Hi Parth, welcome to the platform, we hope the onboarding was seamless, as for the requirement, any specific tenure that you are looking for?

I’m thinking say 2 to 3 years. I’m trying to beat my fixed deposit returns without taking on too much crazy risk.

Understood. Targeting 12%+ in the 2-3 year bracket often means exploring high-yield bonds or instruments with ratings around A- to BBB-. Are you comfortable with those ratings?

I don’t fully understand those ratings. What exactly are the key risks I need to evaluate beyond just the credit rating?

The rating reflects a company’s past health. At BondScanner, we also check various other metrics to help identify the company’s current health and future performance.

I’ve read that rising interest rates can hurt bonds.
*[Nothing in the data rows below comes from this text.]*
lemma u_pos: "x \<in> X \<Longrightarrow> u x > 0"
proof -
  assume xX: "x \<in> X"
  then have "{x, anchor x} \<in> menus X"
    using anchor_mem category_subset by (auto simp: menus_def)
  then show ?thesis unfolding u_def using p_pos by simp
qed

lemma sum_u_pos: "S \<subseteq> X \<Longrightarrow> S \<noteq> {} \<Longrightarrow> (\<Sum>z\<in>S. u z) > 0"
  using finite_subset[OF _ finite_X] u_pos by (intro sum_pos) auto

text \<open>Both alternatives are compared with their common anchor inside the menu \<open>{x, y, anchor x}\<close>.\<close>
lemma odds_same_category:
  assumes A: "A \<in> menus X" and x: "x \<in> A" and y: "y \<in> A" and xy: "y \<in> category x"
  shows "p x A / p y A = u x / u y"
proof -
  have xX: "x \<in> X" and yX: "y \<in> X" using A x y by (auto simp: menus_def)
  define f where "f = anchor x"
  have f: "f \<in> category x" "f \<in> category y" unfolding f_def
    using anchor_mem[OF xX] category_eqI[OF xX xy] by auto
  have fX: "f \<in> X" using f category_subset by blast
  have sims: "sim x y" "sim x f" "sim y f" using xy f by (auto simp: mem_category_iff)
  define T where "T = {x, y, f}"
  have T: "T \<in> menus X" using xX yX fX by (simp add: T_def menus_def)
  have "p x T / p f T = u x" unfolding u_def f_def[symmetric]
    using cat_sim_odds[OF sims(2) T] by (simp add: T_def)
  moreover have "p y T / p f T = u y" unfolding u_def anchor_eq[OF xX xy] f_def[symmetric]
    using cat_sim_odds[OF sims(3) T] by (simp add: T_def)
  moreover have "p x T / p y T = p x A / p y A"
    using cat_sim_odds[OF sims(1) T] cat_sim_odds[OF sims(1) A x y] by (simp add: T_def)
  moreover have "p f T > 0" using p_pos T by (simp add: T_def)
  ultimately show ?thesis by (simp add: field_simps)
qed

definition pset :: "'a set \<Rightarrow> 'a set \<Rightarrow> real" where
  "pset S A = (\<Sum>s\<in>S. p s A)"

definition odds :: "'a set \<Rightarrow> 'a set \<Rightarrow> real" where
  "odds S T = pset S (S \<union> T) / pset T (S \<union> T)"

lemma pset_pos: "A \<in> menus X \<Longrightarrow> S \<subseteq> A \<Longrightarrow> S \<noteq> {} \<Longrightarrow> pset S A > 0"
  unfolding pset_def using finite_subset[OF _ finite_X] p_pos
  by (intro sum_pos) (auto simp: menus_def)

lemma pset_category:
  assumes A: "A \<in> menus X" and x: "x \<in> A"
  shows "pset (A \<inter> category x) A = p x A * ((\<Sum>z\<in>A \<inter> category x. u z) / u x)"
proof -
  have xX: "x \<in> X" using A x by (auto simp: menus_def)
  have "p z A = p x A * (u z / u x)" if z: "z \<in> A \<inter> category x" for z
  proof -
    have "u z > 0" "p z A > 0" using z u_pos category_subset p_pos[OF A] by auto
    then show ?thesis
      using odds_same_category[OF A x, of z] z u_pos[OF xX] by (auto simp: field_simps)
  qed
  then show ?thesis unfolding pset_def by (simp add: sum_distrib_left sum_divide_distrib)
qed

lemma odds_pos: "S \<subseteq> X \<Longrightarrow> T \<subseteq> X \<Longrightarrow> S \<noteq> {} \<Longrightarrow> T \<noteq> {} \<Longrightarrow> odds S T > 0"
  unfolding odds_def by (simp add: menus_def pset_pos)

lemma odds_inverse: "S \<subseteq> X \<Longrightarrow> T \<subseteq> X \<Longrightarrow> S \<noteq> {} \<Longrightarrow> T \<noteq> {} \<Longrightarrow> odds S T * odds T S = 1"
  unfolding odds_def using pset_pos[of "S \<union> T" S] pset_pos[of "S \<union> T" T]
  by (simp add: menus_def Un_commute)

lemma odds_insert_set:
  assumes "finite Z" "Z \<subseteq> X - (category x \<union> category y)"
    and D: "D \<in> menus X" "D \<inter> Z = {}" and x: "x \<in> D" and y: "y \<in> D"
  shows "p x (D \<union> Z) / p y (D \<union> Z) = p x D / p y D"
  using assms(1,2) D(2)
proof (induction Z rule: finite_induct)
  case (insert z Z)
  have M: "D \<union> Z \<in> menus X" using D insert.prems by (auto simp: menus_def)
  have "\<not> sim x z" "\<not> sim y z" using insert.prems unfolding category_def by auto
  moreover have "z \<notin> D \<union> Z" using insert.hyps insert.prems by auto
  ultimately show ?case
    using ISA_odds[OF M, of x y z] insert x y by auto
qed simp

text \<open>Deleting the alternatives of all other categories does not change the odds of an
  \<open>x \<in> A \<inter> C\<close> against a \<open>y \<in> A \<inter> D\<close>, and by \<open>pset_category\<close> these odds determine the
  ratio of block probabilities.\<close>
lemma odds_in_menu:
  assumes A: "A \<in> menus X" and C: "C \<in> categories" and D: "D \<in> categories" and "C \<noteq> D"
    and "A \<inter> C \<noteq> {}" and "A \<inter> D \<noteq> {}"
  shows "pset (A \<inter> C) A / pset (A \<inter> D) A = odds (A \<inter> C) (A \<inter> D)"
proof -
  obtain x y where x: "x \<in> A \<inter> C" and y: "y \<in> A \<inter> D" using assms by blast
  have Cx: "C = category x" and Dy: "D = category y"
    using categories_eq_category C D x y by auto
  define M where "M = (A \<inter> C) \<union> (A \<inter> D)"
  have AX: "A \<subseteq> X" using A by (simp add: menus_def)
  have M: "M \<in> menus X" using AX x by (auto simp: M_def menus_def)
  have "C \<inter> D = {}" using categories_disjoint C D \<open>C \<noteq> D\<close> by blast
  then have MC: "M \<inter> category x = A \<inter> C" and MD: "M \<inter> category y = A \<inter> D"
    using Cx Dy by (auto simp: M_def)
  have "M \<union> (A - M) = A" by (auto simp: M_def)
  moreover have "finite (A - M)" using finite_subset[OF _ finite_X] AX by blast
  ultimately have odds_A: "p x A / p y A = p x M / p y M"
    using odds_insert_set[of "A - M" x y M] M AX x y Cx Dy by (auto simp: M_def)
  have "pset (A \<inter> C) A / pset (A \<inter> D) A =
      p x A / p y A * (((\<Sum>z\<in>A \<inter> C. u z) / u x) / ((\<Sum>z\<in>A \<inter> D. u z) / u y))"
    using pset_category[OF A, of x] pset_category[OF A, of y] x y Cx Dy by (simp add: ac_simps)
  also have "\<dots> = pset (M \<inter> category x) M / pset (M \<inter> category y) M"
    using pset_category[OF M, of x] pset_category[OF M, of y] x y odds_A
    unfolding MC MD by (simp add: ac_simps M_def)
  also have "\<dots> = odds (A \<inter> C) (A \<inter> D)" unfolding MC MD odds_def by (simp add: M_def)
  finally show ?thesis .
qed

lemma odds_cocycle:
  assumes C: "C \<in> categories" and D: "D \<in> categories" and E: "E \<in> categories"
    and "C \<noteq> D" "D \<noteq> E" "C \<noteq> E"
    and S: "S \<subseteq> C" "S \<noteq> {}" and T: "T \<subseteq> D" "T \<noteq> {}" and R: "R \<subseteq> E" "R \<noteq> {}"
  shows "odds S T * odds T R = odds S R"
proof -
  define M where "M = S \<union> T \<union> R"
  have M: "M \<in> menus X" using S T R categories_subset[OF C] categories_subset[OF D]
      categories_subset[OF E] by (auto simp: M_def menus_def)
  have disj: "C \<inter> D = {}" "D \<inter> E = {}" "C \<inter> E = {}"
    using categories_disjoint assms(1-6) by blast+
  then have MC: "M \<inter> C = S" and MD: "M \<inter> D = T" and ME: "M \<inter> E = R"
    using S T R by (auto simp: M_def)
  have "pset T M > 0" using pset_pos[OF M, of T] T by (auto simp: M_def)
  moreover have "odds S T = pset S M / pset T M" "odds T R = pset T M / pset R M"
    "odds S R = pset S M / pset R M"
    using odds_in_menu[OF M C D] odds_in_menu[OF M D E] odds_in_menu[OF M C E] assms(4-6) S T R
    unfolding MC MD ME by auto
  ultimately show ?thesis by simp
qed

end

section \<open>The nested representation\<close>

locale ISA_choice_three_categories = ISA_choice +
  fixes a b c :: 'a
  assumes a_mem: "a \<in> X" and b_mem: "b \<in> X" and c_mem: "c \<in> X"
    and not_sim_ab: "\<not> sim a b" and not_sim_bc: "\<not> sim b c" and not_sim_ac: "\<not> sim a c"
begin

lemma categories_abc: "category a \<in> categories" "category b \<in> categories" "category c \<in> categories"
  using category_in_categories a_mem b_mem c_mem by auto

lemma categories_abc_distinct:
  "category a \<noteq> category b" "category b \<noteq> category c" "category a \<noteq> category c"
  using category_eq_iff a_mem b_mem c_mem not_sim_ab not_sim_bc not_sim_ac by auto

lemma singleton_subset_category: "x \<in> X \<Longrightarrow> {x} \<subseteq> category x"
  using mem_category_self by simp

text \<open>The value is normalised by \<open>v {a} = 1\<close>; on the category of \<open>a\<close> the odds against \<open>a\<close>
  are not available and are routed through \<open>b\<close> instead.\<close>
definition v :: "'a set \<Rightarrow> real" where
  "v S = (if S = {} then 0 else if S \<subseteq> category a then odds S {b} * odds {b} {a} else odds S {a})"

lemma v_pos: "S \<subseteq> X \<Longrightarrow> S \<noteq> {} \<Longrightarrow> v S > 0"
  unfolding v_def using odds_pos a_mem b_mem by auto

lemma v_outside_category_a:
  assumes "C \<in> categories" "C \<noteq> category a" "S \<subseteq> C" "S \<noteq> {}"
  shows "v S = odds S {a}"
proof -
  have "C \<inter> category a = {}" using categories_disjoint categories_abc assms(1,2) by blast
  then have "\<not> S \<subseteq> category a" using assms(3,4) by blast
  then show ?thesis unfolding v_def using assms(4) by simp
qed

lemma v_inside_category_a: "S \<subseteq> category a \<Longrightarrow> S \<noteq> {} \<Longrightarrow> v S = odds S {b} * odds {b} {a}"
  unfolding v_def by simp

lemma odds_mul_v:
  assumes C: "C \<in> categories" and D: "D \<in> categories" and "C \<noteq> D" "D \<noteq> category a"
    and S: "S \<subseteq> C" "S \<noteq> {}" and T: "T \<subseteq> D" "T \<noteq> {}"
  shows "odds S T * v T = v S"
proof -
  note Ca = categories_abc(1) and Cb = categories_abc(2) and Cc = categories_abc(3)
  note distinct = categories_abc_distinct not_sym[OF categories_abc_distinct(1)]
    not_sym[OF categories_abc_distinct(2)] not_sym[OF categories_abc_distinct(3)]
  note sa = singleton_subset_category[OF a_mem] and sb = singleton_subset_category[OF b_mem]
    and sc = singleton_subset_category[OF c_mem]
  have vT: "v T = odds T {a}" using v_outside_category_a[OF D] assms(4) T by blast
  show ?thesis
  proof (cases "C = category a")
    case False
    have "odds S T * odds T {a} = odds S {a}"
      using odds_cocycle[OF C D Ca _ _ _ S T sa] assms(3,4) False by simp
    then show ?thesis using v_outside_category_a[OF C False S] vT by simp
  next
    case C_a: True
    then have vS: "v S = odds S {b} * odds {b} {a}" using v_inside_category_a S by simp
    show ?thesis
    proof (cases "D = category b")
      case False
      have "odds S T * odds T {b} = odds S {b}" "odds T {b} * odds {b} {a} = odds T {a}"
        using odds_cocycle[OF C D Cb _ _ _ S T sb] odds_cocycle[OF D Cb Ca _ _ _ T sb _ sa]
          assms(3,4) C_a False distinct by auto
      then show ?thesis using vS vT by (metis mult.assoc)
    next
      case True
      txt \<open>Now \<open>S\<close> lies in the category of \<open>a\<close> and \<open>T\<close> in that of \<open>b\<close>, so the odds are
        routed through \<open>c\<close>.\<close>
      have "odds S {c} * odds {c} T = odds S T" "odds S {c} * odds {c} {b} = odds S {b}"
        "odds {c} T * odds T {a} = odds {c} {a}" "odds {c} {b} * odds {b} {a} = odds {c} {a}"
        using odds_cocycle[OF C Cc D _ _ _ S sc _ T] odds_cocycle[OF C Cc Cb _ _ _ S sc _ sb]
          odds_cocycle[OF Cc D Ca _ _ _ sc _ T sa] odds_cocycle[OF Cc Cb Ca _ _ _ sc _ sb _ sa]
          C_a True distinct by auto
      then show ?thesis using vS vT by (metis mult.assoc)
    qed
  qed
qed

lemma odds_eq_v_ratio:
  assumes C: "C \<in> categories" and D: "D \<in> categories" and "C \<noteq> D"
    and S: "S \<subseteq> C" "S \<noteq> {}" and T: "T \<subseteq> D" "T \<noteq> {}"
  shows "odds S T = v S / v T"
proof -
  have SX: "S \<subseteq> X" and TX: "T \<subseteq> X" using S T categories_subset C D by auto
  show ?thesis
  proof (cases "D = category a")
    case False
    then show ?thesis using odds_mul_v[OF C D \<open>C \<noteq> D\<close> False S T] v_pos[OF TX T(2)]
      by (simp add: eq_divide_eq)
  next
    case True
    then have "odds T S * v S = v T" using odds_mul_v[OF D C _ _ T S] \<open>C \<noteq> D\<close> by auto
    then have "odds S T * v T = (odds S T * odds T S) * v S" by (simp add: mult.assoc)
    then show ?thesis using odds_inverse[OF SX TX S(2) T(2)] v_pos[OF TX T(2)]
      by (simp add: eq_divide_eq)
  qed
qed

lemma pset_sum_categories:
  assumes A: "A \<in> menus X"
  shows "(\<Sum>C\<in>categories. pset (A \<inter> C) A) = 1"
proof -
  have AX: "A \<subseteq> X" using A by (simp add: menus_def)
  have "(\<Sum>C\<in>categories. pset (A \<inter> C) A) = (\<Sum>z\<in>(\<Union>C\<in>categories. A \<inter> C). p z A)"
    unfolding pset_def
  proof (rule sum.UNION_disjoint[symmetric])
    show "\<forall>C\<in>categories. finite (A \<inter> C)" using finite_subset[OF _ finite_X] AX by blast
    show "\<forall>C\<in>categories. \<forall>D\<in>categories. C \<noteq> D \<longrightarrow> A \<inter> C \<inter> (A \<inter> D) = {}"
      using categories_disjoint by (metis inf_assoc inf_bot_right inf_left_commute)
  qed (rule finite_categories)
  also have "(\<Union>C\<in>categories. A \<inter> C) = A \<inter> \<Union>categories" by blast
  also have "\<Union>categories = X" using categories_partition unfolding is_partition_def by simp
  also have "A \<inter> X = A" using AX by blast
  finally show ?thesis using pos_scf_sum_eq_1[OF pos_scf A] by simp
qed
Given my 2-3 year target, should I be more worried about interest rate volatility than I am about the specific company’s credit profile?

While it’s true that bond prices fluctuate with interest rate movements, the key advantage of holding a bond to maturity is that your returns, the coupon payments and the yield you locked in, remain fixed.

If you invest in a bond today and hold it until maturity, short-term market volatility or interest rate changes won’t affect your actual return, as long as the issuer doesn’t default.
The only time your coupon or yield may change is if the bond has a variable or step-up/step-down coupon structure.

So, with a 2–3 year horizon and if you plan to hold the bond to maturity, interest rate volatility matters less than the credit quality of the issuer.

I see. Thanks for the distinction.

You can check all these metrics, from the coupon rate to the various credit ratings, directly on the BondScanner platform.
If you want further assistance, please reach out to us directly via our official WhatsApp number: +91 9380740546

What exactly is a step-up coupon and a step-down coupon?

Hi Krishna.
A step-up or step-down coupon refers to a feature in some bonds where the coupon rate changes based on predefined conditions mentioned in the term sheet, often linked to the issuer’s credit rating or specific covenants.

Typically, the term sheet outlines certain financial, security, or performance covenants. If these covenants are breached, or if the issuer’s credit rating is downgraded, the coupon rate may “step up”, meaning it increases by a specified number of basis points.

Conversely, if the issuer’s credit rating is upgraded or certain positive conditions are met, the coupon rate may “step down”, decreasing by the defined margin.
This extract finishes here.